Action item
Could you copy out every line of the data where the word "lemma" occurs?

(Dataset entries)
lemma kur_cubic_discr_nonneg_iff:
  assumes "0 < m"
  shows "0 \<le> cubic_discr ((m + 1) / m) ((1 + w / 2) / m) (d / (2 * m))
    \<longleftrightarrow> w \<le> kur_bound m \<and> Dminus m w \<le> d \<and> d \<le> Dplus m w"
proof (cases "w \<le> kur_bound m")
  case True
  have "0 \<le> cubic_discr ((m + 1) / m) ((1 + w / 2) / m) (d / (2 * m))
      \<longleftrightarrow> 0 \<le> 4 * m^2 * cubic_discr ((m + 1) / m) ((1 + w / 2) / m) (d / (2 * m))"
    using assms by (simp add: zero_le_mult_iff)
  also have "\<dots> \<longleftrightarrow> 0 \<le> (Dplus m w - d) * (d - Dminus m w)"
    unfolding kur_cubic_discr_factor[OF assms True] by (simp add: zero_le_mult_iff)
  also have "\<dots> \<longleftrightarrow> Dminus m w \<le> d \<and> d \<le> Dplus m w"
    using Dminus_le_Dplus[OF assms True] by (rule nonneg_prod_iff_between)
  finally show ?thesis
    using True by simp
next
  case False
  then have "4 * (m + 1)^2 - 6 * m * (w + 2) < 0"
    using kur_radicand_nonneg_iff[OF assms, of w] by (meson not_le)
  then have "(4 * (m + 1)^2 - 6 * m * (w + 2))^3 < 0"
    by (simp add: power_less_zero_eq)
  then have "432 * m^6 * cubic_discr ((m + 1) / m) ((1 + w / 2) / m) (d / (2 * m)) < 0"
    unfolding kur_cubic_discr_eq[OF less_imp_neq[OF assms, symmetric]]
    by (smt (verit) zero_le_power2)
  then show ?thesis
    using False assms by (simp add: mult_less_0_iff)
qed

lemma mem_Gamma1_iff:
  assumes "0 < m" "0 \<le> v" "v \<le> u"
  shows "(u, v) \<in> Gamma1 m \<longleftrightarrow>
    0 \<le> cubic_discr ((m + 1) / m) ((1 + u / 2) / m) ((u - v) / (2 * m))"
  using assms Dminus_le_Dplus[OF assms(1), of u]
  by (auto simp: Gamma1_def kur_cubic_discr_nonneg_iff)

lemma mem_Gamma2_iff:
  assumes "0 < m" "0 \<le> v" "v \<le> u"
  shows "(u, v) \<in> Gamma2 m \<longleftrightarrow>
    0 \<le> cubic_discr ((m + 1) / m) ((1 + v / 2) / m) ((v - u) / (2 * m))"
  using assms Dminus_le_Dplus[OF assms(1), of v]
  by (auto simp: Gamma2_def kur_cubic_discr_nonneg_iff)

lemma P1_P3_eigenvalue_types:
  fixes A :: "real^3^3"
  assumes "0 < m" "0 \<le> v" "v < u"
    and char: "\<And>x. char_poly_fun A x = x^3 + of_real ((m + 1) / m) * x^2
      + of_real ((1 + u / 2) / m) * x + of_real ((u - v) / (2 * m))"
  shows "((u, v) \<notin> Gamma1 m \<longrightarrow> neg_real_and_stable_pair A)
    \<and> ((u, v) \<in> Gamma1 m \<longrightarrow> three_neg_real A)"
proof -
  have pos: "0 < (m + 1) / m" "0 < (1 + u / 2) / m" "0 < (u - v) / (2 * m)"
    using assms(1-3) by simp_all
  have "(m + 1) / m * ((1 + u / 2) / m) - (u - v) / (2 * m)
      = (2 * (m + 1) + u + m * v) / (2 * m^2)"
    using assms(1) by (simp add: field_simps power2_eq_square)
  moreover have "0 < (2 * (m + 1) + u + m * v) / (2 * m^2)"
    using assms(1-3) by (intro divide_pos_pos add_pos_nonneg) auto
  ultimately have hurwitz: "(u - v) / (2 * m) < (m + 1) / m * ((1 + u / 2) / m)"
    by linarith
  show ?thesis
    using mem_Gamma1_iff[OF assms(1,2) less_imp_le[OF assms(3)]] pos hurwitz
    by (auto intro: neg_real_and_stable_pairI[OF char] three_neg_realI[OF char])
qed
(* Let $X=\{1,\dots,k\}^{\mathbb N}$ with the shift $T$, let $\log p$ be a real Hölder continuous normalized potential with Gibbs state $\mu$, and let $H:X\to\mathbb R$ be a Hölder continuous positive function. For every $\beta\in\mathbb R$, let $\nu_\beta$ be the eigenprobability of $\mathcal L_{-\beta\log H}^*$. Then for every $\beta\in\mathbb R$, every $n\in\mathbb N$ and every continuous $f:X\to\mathbb C$, $$\int f\,d\nu_\beta=\int (\Lambda_n)^{-1}\,E_\mu(\Lambda_n f\mid \mathcal F_n)\,d\nu_\beta .$$
   Context: $X=\{1,\dots,k\}^{\mathbb N}$ with the product topology, $T$ the left shift (each point has exactly $k$ preimages). For continuous $A:X\to\mathbb R$ the Ruelle operator is $\mathcal L_A(f)(x)=\sum_{T(z)=x}e^{A(z)}f(z)$, and its dual acts on probabilities by $\int f\,d(\mathcal L_A^*\nu)=\int \mathcal L_A(f)\,d\nu$. The potential $\log p$ (with $p>0$ Hölder) is normalized: $\mathcal L_p(1)=\sum_{T(z)=x}p(z)=1$, where $\mathcal L_p:=\mathcal L_{\log p}$; $\mu$ is the probability with $\mathcal L_p^*\mu=\mu$. Write $\lambda=p^{-1}$, $\lambda^{[n]}(x)=\prod_{j=0}^{n-1}p(T^jx)^{-1}$, $H^{\beta[n]}(x)=\prod_{j=0}^{n-1}H(T^jx)^{\beta}$ and $\Lambda_n=H^{-\beta[n]}\lambda^{[n]}$. For Hölder positive $H$ and $\beta\in\mathbb R$, $\lambda_\beta>0$ denotes the largest eigenvalue of $\mathcal L_\beta:=\mathcal L_{-\beta\log H}$ (so $\mathcal L_\beta f(x)=\sum_{T(z)=x}H(z)^{-\beta}f(z)$) and $\nu_\beta$ the unique probability with $\mathcal L_\beta^*\nu_\beta=\lambda_\beta\nu_\beta$. $\mathcal F_n=T^{-n}\mathcal B$ with $\mathcal B$ the Borel $\sigma$-algebra, and $E_\mu(f\mid\mathcal F_n)$ is the conditional expectation with respect to $\mu$; it equals $(\mathcal L_p^n f)\circ T^n$. *)

theory Defs
  imports "HOL-Probability.Probability"
begin

text \<open>The full shift on k symbols: sequences nat => nat with values in {1..k},
  carrying the product topology (the library topology on nat => nat, nat discrete).\<close>
definition shiftspace :: "nat \<Rightarrow> (nat \<Rightarrow> nat) set" where
  "shiftspace k = {x. \<forall>i. x i \<in> {1..k}}"

definition shift :: "(nat \<Rightarrow> nat) \<Rightarrow> (nat \<Rightarrow> nat)" where
  "shift x = (\<lambda>i. x (Suc i))"

text \<open>The k preimages of x under the shift are the sequences a x, a in {1..k}.\<close>
definition scons :: "nat \<Rightarrow> (nat \<Rightarrow> nat) \<Rightarrow> (nat \<Rightarrow> nat)" where
  "scons a x = (\<lambda>i. case i of 0 \<Rightarrow> a | Suc j \<Rightarrow> x j)"

definition borelX :: "nat \<Rightarrow> (nat \<Rightarrow> nat) measure" where
  "borelX k = restrict_space borel (shiftspace k)"

definition sdist :: "(nat \<Rightarrow> nat) \<Rightarrow> (nat \<Rightarrow> nat) \<Rightarrow> real" where
  "sdist x y = (if x = y then 0 else (1/2) ^ (LEAST i. x i \<noteq> y i))"

definition holder :: "nat \<Rightarrow> ((nat \<Rightarrow> nat) \<Rightarrow> real) \<Rightarrow> bool" where
  "holder k f \<longleftrightarrow> (\<exists>C \<alpha>. \<alpha> > 0 \<and>
     (\<forall>x\<in>shiftspace k. \<forall>y\<in>shiftspace k. \<bar>f x - f y\<bar> \<le> C * sdist x y powr \<alpha>))"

Response to this task
lemma kur_cubic_discr_nonneg_iff:
lemma mem_Gamma1_iff:
lemma mem_Gamma2_iff:
lemma P1_P3_eigenvalue_types:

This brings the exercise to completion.